Possiamo individuare un’attività fisica che si adatti al soggetto: per chi non ha problemi a camminare si consigliano le passeggiate veloci giornaliere a partire anche solo da 15 minuti per arrivare a 45 minuti o un’ora;
per chi ha problemi alle anche o alle ginocchia si consigliano la bicicletta o cicli di ginnastica da camera valutando poi nel tempo se il calo ponderale, liberando le articolazioni dal carico, può consentire di passare alla camminata o alla corsa. In questi casi non va dimenticata l’attività in piscina, soprattutto per coloro che sanno nuotare: un toccasana per i dolori e le contratture muscolari.

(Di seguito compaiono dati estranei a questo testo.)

(* Let $\theta\mapsto P_\theta$ ($\theta$ in an open subset of $\mathbb{R}^p$) be a family of regular $X\times X$ transition matrices, continuously differentiable in $\theta$, with $(P_\theta)_{ij}=0$ implying $\nabla_\theta(P_\theta)_{ij}=0$, and with stationary distribution $\pi_\theta$. Fix $c\in\mathbb{R}^X$ and an initial distribution $\pi_0$ independent of $\theta$. Simulate $x_0\sim\pi_0$ and $x_1,\dots,x_N$ with transition matrix $P_\theta$, set $S_0=0$, $S_k=S_{k-1}+\nabla_\theta (P_\theta)_{x_{k-1}x_k}/(P_\theta)_{x_{k-1}x_k}$ for $k=1,\dots,N$, and define the score function estimator $\widehat{\nabla_\theta C}_N=\frac1N\sum_{k=1}^N c(x_k)S_k$. Then there exist constants $K_1,K_2$ independent of $N$ such that for all $N\ge1$: (a) $\bigl\|\mathbb{E}\{\widehat{\nabla_\theta C}_N\}-\nabla_\theta(c'\pi_\theta)\bigr\|\le K_1/N$ (bias $O(1/N)$); (b) the variance (trace of the covariance matrix) of $\widehat{\nabla_\theta C}_N$ is at most $K_2N$ (variance $O(N)$).
   Context: A transition matrix is regular if some power has all entries strictly positive; $\pi_\theta$ is its unique stationary distribution. Gradients with respect to $\theta$ are taken entrywise. *)

theory Defs
  imports "HOL-Analysis.Analysis"
begin

text \<open>Finite state space X is a finite type 'x; theta ranges over real^'p.
  Transition matrices are real^'x^'x with (P $ i $ j) = probability of i to j.\<close>

fun mat_pow :: "real^'x^'x \<Rightarrow> nat \<Rightarrow> real^'x^'x" where
  "mat_pow A 0 = mat 1"
| "mat_pow A (Suc n) = A ** mat_pow A n"

definition transition_matrix :: "real^'x::finite^'x \<Rightarrow> bool" where
  "transition_matrix P \<longleftrightarrow> (\<forall>i j. P $ i $ j \<ge> 0) \<and> (\<forall>i. (\<Sum>j\<in>UNIV. P $ i $ j) = 1)"

definition regular :: "real^'x::finite^'x \<Rightarrow> bool" where
  "regular P \<longleftrightarrow> (\<exists>n. \<forall>i j. mat_pow P n $ i $ j > 0)"

definition prob_dist :: "('x::finite \<Rightarrow> real) \<Rightarrow> bool" where
  "prob_dist \<mu> \<longleftrightarrow> (\<forall>x. \<mu> x \<ge> 0) \<and> (\<Sum>x\<in>UNIV. \<mu> x) = 1"

definition is_stationary :: "real^'x::finite^'x \<Rightarrow> ('x \<Rightarrow> real) \<Rightarrow> bool" where
  "is_stationary P \<pi> \<longleftrightarrow> prob_dist \<pi> \<and> (\<forall>j. (\<Sum>i\<in>UNIV. \<pi> i * P $ i $ j) = \<pi> j)"

text \<open>The (unique, for regular P) stationary distribution.\<close>
definition stat_dist :: "real^'x::finite^'x \<Rightarrow> ('x \<Rightarrow> real)" where
  "stat_dist P = (THE \<pi>. is_stationary P \<pi>)"

definition grad :: "(real^'p \<Rightarrow> real) \<Rightarrow> real^'p \<Rightarrow> real^'p" where
  "grad f \<theta> = (\<chi> k. frechet_derivative f (at \<theta>) (axis k 1))"

definition C1_on :: "(real^'p \<Rightarrow> real) \<Rightarrow> (real^'p) set \<Rightarrow> bool" where
  "C1_on f U \<longleftrightarrow> (\<exists>g. (\<forall>\<theta>\<in>U. (f has_derivative (\<lambda>h. g \<theta> \<bullet> h)) (at \<theta>)) \<and> continuous_on U g)"

definition paths :: "nat \<Rightarrow> 'x list set" where
  "paths N = {xs. length xs = Suc N}"

definition path_prob :: "('x \<Rightarrow> real) \<Rightarrow> real^'x^'x \<Rightarrow> nat \<Rightarrow> 'x list \<Rightarrow> real" where
  "path_prob \<pi>0 P N xs = \<pi>0 (xs ! 0) * (\<Prod>k\<in>{1..N}. P $ (xs ! (k - 1)) $ (xs ! k))"
(* Let $G=(\mathcal{V},\mathcal{E})$ be a simple connected graph and $\mathcal{R}\subseteq\mathcal{V}$ a resolution set of $G$. If a pair $\{i,j\}$ of distinct nodes is invisible with respect to $\mathcal{R}$, then $i\notin\mathcal{R}$, $j\notin\mathcal{R}$, and $\Delta_{ij}=1$. Likewise, if $\{i,j\}$ is ambiguous with respect to $\mathbf{P}_{\mathcal{R}}$, then $i\notin\mathcal{R}$, $j\notin\mathcal{R}$ and $\Delta_{ij}=1$ (computed from $\mathbf{P}_{\mathcal{R}}$).
   Context: All graphs are simple, undirected and connected. $h_{ij}$ is the shortest-path distance between nodes $i,j$. For an ordered landmark set $\mathcal{M}=\{A_1,\dots,A_m\}\subseteq\mathcal{V}$, $\mathbf{P}_{\mathcal{M}}(i)=\langle h_{iA_1},\dots,h_{iA_m}\rangle$, and $\mathbf{P}_{\mathcal{M}}$ is the matrix with these rows. $\mathcal{M}$ is a resolution set if the $\mathbf{P}_{\mathcal{M}}(i)$ are pairwise distinct. For nodes $i,j$ define $\Delta^k_{ij}=|h_{iA_k}-h_{jA_k}|$ and $\Delta_{ij}=\max_{1\le k\le m}\Delta^k_{ij}$. A pair $\{i,j\}$ is invisible with respect to $\mathcal{M}$ if adding the edge $\{i,j\}$ (when absent) or removing it (when present) does not change any entry of $\mathbf{P}_{\mathcal{M}}$. A pair $\{i,j\}$ is ambiguous with respect to a given matrix $\mathbf{P}_{\mathcal{M}}$ if there exist two simple connected graphs on $\mathcal{V}$, both having distance vector matrix $\mathbf{P}_{\mathcal{M}}$ for $\mathcal{M}$, such that $\{i,j\}$ is an edge of one and not of the other. *)

theory Defs
  imports Main "HOL-Library.Extended_Nat"
begin

definition simple_graph :: "'a set \<Rightarrow> 'a set set \<Rightarrow> bool" where
  "simple_graph V E \<longleftrightarrow> finite V \<and>
     (\<forall>e\<in>E. \<exists>u v. u \<noteq> v \<and> u \<in> V \<and> v \<in> V \<and> e = {u, v})"

definition adj_rel :: "'a set set \<Rightarrow> ('a \<times> 'a) set" where
  "adj_rel E = {(u, v). {u, v} \<in> E}"

definition walk_len :: "'a set set \<Rightarrow> 'a \<Rightarrow> 'a \<Rightarrow> nat \<Rightarrow> bool" where
  "walk_len E u v n \<longleftrightarrow> (u, v) \<in> adj_rel E ^^ n"

definition connected_graph :: "'a set \<Rightarrow> 'a set set \<Rightarrow> bool" where
  "connected_graph V E \<longleftrightarrow> simple_graph V E \<and> V \<noteq> {} \<and>
     (\<forall>u\<in>V. \<forall>v\<in>V. \<exists>n. walk_len E u v n)"

(* shortest-path distance h_uv (meaningful when u, v are connected) *)
definition dist :: "'a set set \<Rightarrow> 'a \<Rightarrow> 'a \<Rightarrow> nat" where
  "dist E u v = (LEAST n. walk_len E u v n)"

definition edist :: "'a set set \<Rightarrow> 'a \<Rightarrow> 'a \<Rightarrow> enat" where
  "edist E u v = (if \<exists>n. walk_len E u v n then enat (dist E u v) else \<infinity>)"

definition dvec :: "'a set set \<Rightarrow> 'a set \<Rightarrow> 'a \<Rightarrow> 'a \<Rightarrow> nat" where
  "dvec E M i = (\<lambda>A. if A \<in> M then dist E i A else 0)"

definition resolution_set :: "'a set \<Rightarrow> 'a set set \<Rightarrow> 'a set \<Rightarrow> bool" where
  "resolution_set V E M \<longleftrightarrow> M \<subseteq> V \<and> inj_on (dvec E M) V"

definition Delta :: "'a set set \<Rightarrow> 'a set \<Rightarrow> 'a \<Rightarrow> 'a \<Rightarrow> nat" where
  "Delta E M i j = Max ((\<lambda>A. nat \<bar>int (dist E i A) - int (dist E j A)\<bar>) ` M)"

definition toggle :: "'a set set \<Rightarrow> 'a \<Rightarrow> 'a \<Rightarrow> 'a set set" where
  "toggle E i j = (if {i, j} \<in> E then E - {{i, j}} else insert {i, j} E)"

(* toggling {i,j} changes no entry of P_M (distances may become infinite) *)
definition invisible :: "'a set \<Rightarrow> 'a set set \<Rightarrow> 'a set \<Rightarrow> 'a \<Rightarrow> 'a \<Rightarrow> bool" where
  "invisible V E M i j \<longleftrightarrow>
     (\<forall>x\<in>V. \<forall>A\<in>M. edist (toggle E i j) x A = edist E x A)"

definition ambiguous :: "'a set \<Rightarrow> 'a set set \<Rightarrow> 'a set \<Rightarrow> 'a \<Rightarrow> 'a \<Rightarrow> bool" where
  "ambiguous V E M i j \<longleftrightarrow>
     (\<exists>E1 E2. connected_graph V E1 \<and> connected_graph V E2 \<and>
        (\<forall>x\<in>V. \<forall>A\<in>M. dist E1 x A = dist E x A) \<and>
        (\<forall>x\<in>V. \<forall>A\<in>M. dist E2 x A = dist E x A) \<and>
        {i, j} \<in> E1 \<and> {i, j} \<notin> E2)"

end

theory Submission
  imports Defs
begin

text \<open>Both notions provide two graphs on \<open>V\<close> that have the same (possibly infinite) distances
  from every node to every landmark, but differ on the pair \<open>{i, j}\<close>: for invisibility \<open>E\<close> and
  \<open>toggle E i j\<close>, for ambiguity the two witnesses. If \<open>j\<close> were a landmark, its distance from
  \<open>i\<close> would be \<open>1\<close> in exactly one of them. In the graph containing the edge, the distances of
  \<open>i\<close> and \<open>j\<close> to any landmark differ by at most one; since \<open>R\<close> resolves, they differ for some
  landmark, so \<open>\<Delta>\<^sub>i\<^sub>j = 1\<close>.\<close>

lemma walk_len_0_iff: "walk_len E u v 0 \<longleftrightarrow> u = v"
  by (simp add: walk_len_def)

lemma walk_len_Suc_0_iff: "walk_len E u v (Suc 0) \<longleftrightarrow> {u, v} \<in> E"
  by (simp add: walk_len_def adj_rel_def)

lemma walk_len_add: "walk_len E u v m \<Longrightarrow> walk_len E v w n \<Longrightarrow> walk_len E u w (m + n)"
  unfolding walk_len_def by (auto simp: relpow_add)

lemma walk_len_dist: "\<exists>n. walk_len E u v n \<Longrightarrow> walk_len E u v (dist E u v)"
  unfolding dist_def by (rule LeastI_ex)

lemma dist_le_walk_len: "walk_len E u v n \<Longrightarrow> dist E u v \<le> n"
  unfolding dist_def by (rule Least_le)

lemma edist_eq_enat_iff: "edist E u v = enat n \<longleftrightarrow> (\<exists>k. walk_len E u v k) \<and> dist E u v = n"
  by (simp add: edist_def)

lemma edist_connected_graph:
  "connected_graph V E \<Longrightarrow> u \<in> V \<Longrightarrow> v \<in> V \<Longrightarrow> edist E u v = enat (dist E u v)"
  by (simp add: edist_def connected_graph_def)

lemma edist_eq_1_iff: "edist E u v = enat 1 \<longleftrightarrow> u \<noteq> v \<and> {u, v} \<in> E"
proof
  assume "edist E u v = enat 1"
  then have walk: "\<exists>k. walk_len E u v k" and d: "dist E u v = 1"
    by (simp_all add: edist_eq_enat_iff)
  from walk_len_dist[OF walk] d have "{u, v} \<in> E"
    by (simp add: walk_len_Suc_0_iff)
  moreover have "u \<noteq> v"
    using dist_le_walk_len[of E u v 0] d by (auto simp: walk_len_0_iff)
  ultimately show "u \<noteq> v \<and> {u, v} \<in> E" by simp
next
  assume uv: "u \<noteq> v \<and> {u, v} \<in> E"
  then have walk: "walk_len E u v (Suc 0)"
    by (simp add: walk_len_Suc_0_iff)
  then have "dist E u v \<le> 1"
    by (auto dest: dist_le_walk_len)
  moreover have "dist E u v \<noteq> 0"
    using walk_len_dist[of E u v] walk uv by (metis walk_len_0_iff)
  ultimately show "edist E u v = enat 1"
    using walk by (auto simp: edist_eq_enat_iff)
qed

lemma dist_adjacent_le_Suc:
  assumes "{i, j} \<in> E" and "\<exists>n. walk_len E j A n"
  shows "dist E i A \<le> dist E j A + 1"
proof -
  have "walk_len E i j (Suc 0)"
    using assms(1) by (simp add: walk_len_Suc_0_iff)
  from walk_len_add[OF this walk_len_dist[OF assms(2)]] show ?thesis
    by (auto dest: dist_le_walk_len)
qed

lemma dist_adjacent_diff_le_1:
  assumes "{i, j} \<in> E" and "\<exists>n. walk_len E i A n" and "\<exists>n. walk_len E j A n"
  shows "\<bar>int (dist E i A) - int (dist E j A)\<bar> \<le> 1"
  using dist_adjacent_le_Suc[OF assms(1,3)]
    dist_adjacent_le_Suc[of j i E A] assms(1,2) by (simp add: insert_commute)

lemma Delta_eq_1:
  assumes "finite M" and "dvec E M i \<noteq> dvec E M j"
    and "\<forall>A\<in>M. \<bar>int (dist E i A) - int (dist E j A)\<bar> \<le> 1"
  shows "Delta E M i j = 1"
proof -
  obtain A where A: "A \<in> M" "dist E i A \<noteq> dist E j A"
    using assms(2) unfolding dvec_def by (metis (full_types))
  let ?D = "(\<lambda>A. nat \<bar>int (dist E i A) - int (dist E j A)\<bar>) ` M"
  have "Max ?D \<le> 1"
    using assms(1,3) A(1) by (subst Max_le_iff) auto
  moreover have "1 \<le> Max ?D"
    using assms(1) A by (subst Max_ge_iff) (auto intro!: bexI[of _ A])
  ultimately show ?thesis
    unfolding Delta_def by simp
qed

lemma landmark_not_toggled:
  assumes "\<forall>x\<in>V. \<forall>A\<in>M. edist E1 x A = edist E2 x A"
    and "{i, j} \<in> E1 \<longleftrightarrow> {i, j} \<notin> E2"
    and "i \<in> V" and "i \<noteq> j"
  shows "j \<notin> M"
proof
  assume "j \<in> M"
  then have "edist E1 i j = edist E2 i j"
    using assms(1,3) by blast
  then show False
    using assms(2,4) edist_eq_1_iff[of E1 i j] edist_eq_1_iff[of E2 i j] by auto
qed

lemma toggled_pair_of_resolution_set:
  assumes conn: "connected_graph V E" and res: "resolution_set V E M"
    and "i \<in> V" and "j \<in> V" and "i \<noteq> j"
    and agree1: "\<forall>x\<in>V. \<forall>A\<in>M. edist E1 x A = edist E x A"
    and agree2: "\<forall>x\<in>V. \<forall>A\<in>M. edist E2 x A = edist E x A"
    and toggled: "{i, j} \<in> E1 \<longleftrightarrow> {i, j} \<notin> E2"
  shows "i \<notin> M \<and> j \<notin> M \<and> Delta E M i j = 1"
proof -
  have MV: "M \<subseteq> V" and inj: "inj_on (dvec E M) V"
    using res by (auto simp: resolution_set_def)
  have agree: "\<forall>x\<in>V. \<forall>A\<in>M. edist E1 x A = edist E2 x A"
    using agree1 agree2 by simp
  have "j \<notin> M"
    using landmark_not_toggled[OF agree toggled] assms(3,5) .
  moreover have "i \<notin> M"
    using landmark_not_toggled[OF agree _ assms(4)] toggled assms(5) by (simp add: insert_commute)
  moreover have "Delta E M i j = 1"
  proof (rule Delta_eq_1)
    show "finite M"
      using MV conn by (auto simp: connected_graph_def simple_graph_def intro: finite_subset)
    show "dvec E M i \<noteq> dvec E M j"
      using inj assms(3-5) by (auto dest: inj_onD)
    obtain F where F: "{i, j} \<in> F" "\<forall>x\<in>V. \<forall>A\<in>M. edist F x A = edist E x A"
      using toggled agree1 agree2 by blast
    show "\<forall>A\<in>M. \<bar>int (dist E i A) - int (dist E j A)\<bar> \<le> 1"
    proof
      fix A assume "A \<in> M"
      then have "edist F x A = enat (dist E x A)" if "x \<in> V" for x
        using F(2) MV that edist_connected_graph[OF conn] by auto
      then have "(\<exists>n. walk_len F x A n) \<and> dist F x A = dist E x A" if "x \<in> V" for x
        using that by (simp add: edist_eq_enat_iff)
      with dist_adjacent_diff_le_1[OF F(1)] assms(3,4)
      show "\<bar>int (dist E i A) - int (dist E j A)\<bar> \<le> 1"
        by metis
    qed
  qed
  ultimately show ?thesis
    by blast
qed

lemma mem_toggle_iff: "{i, j} \<in> toggle E i j \<longleftrightarrow> {i, j} \<notin> E"
  by (simp add: toggle_def)

theorem lemma2:
  fixes V :: "'a set" and E :: "'a set set" and R :: "'a set" and i j :: 'a
  assumes "connected_graph V E"
    and "resolution_set V E R"
    and "i \<in> V" and "j \<in> V" and "i \<noteq> j"
  shows "(invisible V E R i j \<longrightarrow> i \<notin> R \<and> j \<notin> R \<and> Delta E R i j = 1)
       \<and> (ambiguous V E R i j \<longrightarrow> i \<notin> R \<and> j \<notin> R \<and> Delta E R i j = 1)"
proof (rule conjI; rule impI)
  assume "invisible V E R i j"
  then show "i \<notin> R \<and> j \<notin> R \<and> Delta E R i j = 1"
    unfolding invisible_def
    by (intro toggled_pair_of_resolution_set[OF assms, of "toggle E i j" E])
      (simp_all add: mem_toggle_iff)
next
  assume "ambiguous V E R i j"
  then obtain E1 E2 where "connected_graph V E1" "connected_graph V E2"
    and "\<forall>x\<in>V. \<forall>A\<in>R. dist E1 x A = dist E x A" "\<forall>x\<in>V. \<forall>A\<in>R. dist E2 x A = dist E x A"
    and "{i, j} \<in> E1" "{i, j} \<notin> E2"
    unfolding ambiguous_def by blast
  moreover have "\<forall>x\<in>V. \<forall>A\<in>R. edist F x A = edist E x A"
    if "connected_graph V F" and "\<forall>x\<in>V. \<forall>A\<in>R. dist F x A = dist E x A" for F
  proof (intro ballI)
    fix x A assume "x \<in> V" "A \<in> R"
    moreover have "A \<in> V"
      using \<open>A \<in> R\<close> assms(2) by (auto simp: resolution_set_def)
    ultimately show "edist F x A = edist E x A"
      using that edist_connected_graph[OF that(1)] edist_connected_graph[OF assms(1)] by simp
  qed
  ultimately show "i \<notin> R \<and> j \<notin> R \<and> Delta E R i j = 1"
    using toggled_pair_of_resolution_set[OF assms, of E1 E2] by blast
qed

end
lemma measure_quadrant_le_survival:
  assumes "finite_measure M" "sets M = sets borel" "admissible w" "0 < c"
    "\<And>x. x \<in> {s..t} \<Longrightarrow> c \<le> w x" "0 \<le> s" "s \<le> t" "t - s \<le> \<delta>"
  shows "measure M (quadrant (ennreal ((t - s) / c)) (ennreal \<delta>)) \<le> survival M w s t"
  unfolding survival_def using Sfun_le[OF assms(3-7)] assms(8)
  by (intro measure_quadrant_antimono[OF assms(1,2)] ennreal_leI) auto

lemma tendsto_integral_survival:
  assumes M: "finite_measure M" "sets M = sets borel"
    and adm: "\<And>n. admissible (w' n)" "admissible w"
    and bound: "\<And>x. x \<in> {0..t} \<Longrightarrow> w x \<le> B"
    and t: "t' \<longlonglongrightarrow> t"
    and conv: "\<And>s. s \<in> {0..<t} \<Longrightarrow> (\<lambda>n. Sfun (w' n) s (t' n)) \<longlonglongrightarrow> Sfun w s t"
  shows "(\<lambda>n. integral {0..t' n} (\<lambda>s. survival M (w' n) s (t' n)))
    \<longlonglongrightarrow> integral {0..t} (\<lambda>s. survival M w s t)"
  unfolding survival_def
proof (rule tendsto_integral_measure_quadrant[OF M t _ conv])
  show "(\<lambda>s. measure M (quadrant (ennreal (Sfun (w' n) s (t' n))) (ennreal (t' n - s)))) integrable_on {0..t' n}" for n
    using survival_integrable[OF M adm(1)] unfolding survival_def .
  show "inj_on (\<lambda>s. Sfun w s t) {0..<t}"
    using bound by (intro inj_on_Sfun[OF adm(2), of "max B 1"]) force+
qed (use Sfun_nonneg[OF adm(2)] in auto)

lemma admissible_fluid_solution:
  assumes "fluid_solution lam \<theta> \<zeta>0 z" "0 < z 0"
  shows "admissible z"
proof (rule admissibleI_continuous)
  show "continuous_on {0..} z"
    using assms(1) by (simp add: fluid_solution_def)
  show "0 < z t" if "0 \<le> t" for t
  proof (cases "t = 0")
    case False
    then have "0 < t / 2" "t / 2 < t"
      using that by simp_all
    moreover have "\<forall>a>0. \<exists>c>0. \<forall>s>a. c \<le> z s"
      using assms(1) unfolding fluid_solution_def by (elim conjE)
    ultimately obtain c where "0 < c" "c \<le> z t"
      by blast
    then show ?thesis
      by linarith
  qed (use assms(2) in simp)
qed

locale fluid =
  fixes lam :: real and \<theta> \<zeta>0 :: "(ennreal \<times> ennreal) measure"
  assumes data: "fluid_data lam \<theta> \<zeta>0"
begin

abbreviation \<Phi> where "\<Phi> \<equiv> fluid_map lam \<theta> \<zeta>0"

abbreviation total_input :: "real \<Rightarrow> real" where "total_input t \<equiv> total_mass \<zeta>0 + lam * t"

lemma lam_pos: "0 < lam"
  and theta: "prob_space \<theta>" "finite_measure \<theta>" "sets \<theta> = sets borel"
  and zeta: "finite_measure \<zeta>0" "sets \<zeta>0 = sets borel"
  using data prob_space.finite_measure unfolding fluid_data_def by auto

lemma zeta_lines_null:
  "emeasure \<zeta>0 {x. fst x = ennreal r} = 0" "emeasure \<zeta>0 {x. snd x = ennreal r} = 0"
proof -
  have "{x. fst x = ennreal r} = {ennreal r} \<times> UNIV" "{x. snd x = ennreal r} = UNIV \<times> {ennreal r}"
    by auto
  moreover have "emeasure \<zeta>0 ({ennreal r} \<times> UNIV) = 0" "emeasure \<zeta>0 (UNIV \<times> {ennreal r}) = 0"
    using data unfolding fluid_data_def by auto
  ultimately show "emeasure \<zeta>0 {x. fst x = ennreal r} = 0" "emeasure \<zeta>0 {x. snd x = ennreal r} = 0"
    by metis+
qed

lemma theta_snd_null: "emeasure \<theta> {x. snd x = 0} = 0"
proof -
  have "{x. snd x = 0} = UNIV \<times> {0::ennreal}"
    by auto
  moreover have "emeasure \<theta> (UNIV \<times> {0}) = 0"
    using data unfolding fluid_data_def by blast
  ultimately show ?thesis
    by metis
qed

lemma fluid_map_at_0: "\<Phi> w 0 = total_mass \<zeta>0"
  using measure_quadrant_zero[OF zeta(2)] zeta_lines_null[of 0]
  by (simp add: fluid_map_def survival_def Sfun_def total_mass_def)
lemma partial_sums_eventually_le_exp:
  assumes incr: "\<And>n. D (Suc n) \<le> D n + d (Suc n)"
    and bound: "\<forall>\<^sub>F n in sequentially. real (d n) \<le> exp (c * real n)"
    and c: "0 \<le> c"
  obtains C where "C > 0" "\<forall>\<^sub>F n in sequentially. real (D n) \<le> C * real n * exp (c * real n)"
proof -
  obtain N where N: "\<And>n. n \<ge> N \<Longrightarrow> real (d n) \<le> exp (c * real n)"
    using bound unfolding eventually_sequentially by blast
  have sum_bound: "real (D n) \<le> real (D N) + real n * exp (c * real n)" if "n \<ge> N" for n
    using that
  proof (induction n rule: dec_induct)
    case (step n)
    have "real (D (Suc n)) \<le> real (D n) + real (d (Suc n))"
      using incr[of n] by linarith
    also have "\<dots> \<le> real (D N) + real n * exp (c * real n) + exp (c * real (Suc n))"
      using step.IH N[of "Suc n"] step.hyps by simp
    also have "\<dots> \<le> real (D N) + real (Suc n) * exp (c * real (Suc n))"
      using c by (simp add: algebra_simps mult_left_mono)
    finally show ?case .
  qed simp
  have "real (D n) \<le> (real (D N) + 1) * real n * exp (c * real n)" if "n \<ge> max N 1" for n
  proof -
    have "1 * 1 \<le> real n * exp (c * real n)"
      using that c by (intro mult_mono) auto
    then have "real (D N) \<le> real (D N) * (real n * exp (c * real n))"
      by (simp add: mult_le_cancel_left1)
    then show ?thesis
      using sum_bound[of n] that by (simp add: algebra_simps)
  qed
  then have "\<forall>\<^sub>F n in sequentially. real (D n) \<le> (real (D N) + 1) * real n * exp (c * real n)"
    unfolding eventually_sequentially by blast
  then show ?thesis
    by (rule that[rotated]) simp
qed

Il tutto può essere associato a esercizi in palestra o in piscina per migliorare l’elasticità artromuscolare. Riguardo alla correzione delle abitudini alimentari, seguiremo lo schema classico della Medicina di Segnale tenendo conto che la regolazione delle adipochine, leptina per prima, permetterà di tornare ai livelli fisiologici evitando che il surplus inneschi il loro effetto proinfiammatorio.
Il problema più importante, che è poi quello che blocca il paziente e per il quale ricerca un rimedio immediato, è il dolore. Questo dato va considerato attentamente perché se nella fase iniziale non riuscissimo a controllarlo vanificheremmo tutta l’impostazione del lavoro.
Molti sono abituati ad assumere paracetamolo o oppioidi, FANS o steroidi con alta frequenza per cui bisogna programmare un periodo di “svezzamento” per ridurre e poi abolire l’uso di tali farmaci.
Utili in tal senso sono curcuma, boswellia, fitobasto ribes nigrum, solldol, dimetilglicina, bromelina, infiaVin, hyalurOn, ossoVin, condroitin-solfato e glutammina-solfato. Inoltre trattiamo le fasi contratturali con il calore e le fasi flogistiche con il ghiaccio. Una dieta povera altamente trasformata come quella occidentale favorisce l’incremento della PCR, un fattore che aumenta il dolore.
Il consumo di alimenti altamente trasformati può danneggiare anche i mastociti, che diventano ipereccitabili causando mal di schiena ma anche emicrania, fibromialgia e dolore neuropatico.
Di riscontro frequente, soprattutto nell’anziano, è il deficit di magnesio indotto da carenze alimentari nonché dall’uso indiscriminato degli inibitori di pompa protonica: ebbene la carenza di magnesio facilita emicrania e dolori muscolari, per cui si raccomanda il consumo di spinaci, bietole, semi di zucca, mandorle, fagioli neri, avocado, fichi e banane.
Altro deficit è quello di vitamina D, un evento normale negli anziani, che determina ipersensibilità dei nervi con abbassamento della soglia del dolore. Nei pazienti obesi anche la resistenza insulinica aumenta la percezione del dolore: una dieta a basso indice glicemico, cioè ricca di polifenoli, fibre, frutta, verdura, grassi sani e buone proteine ha un impatto positivo sulla percezione del dolore.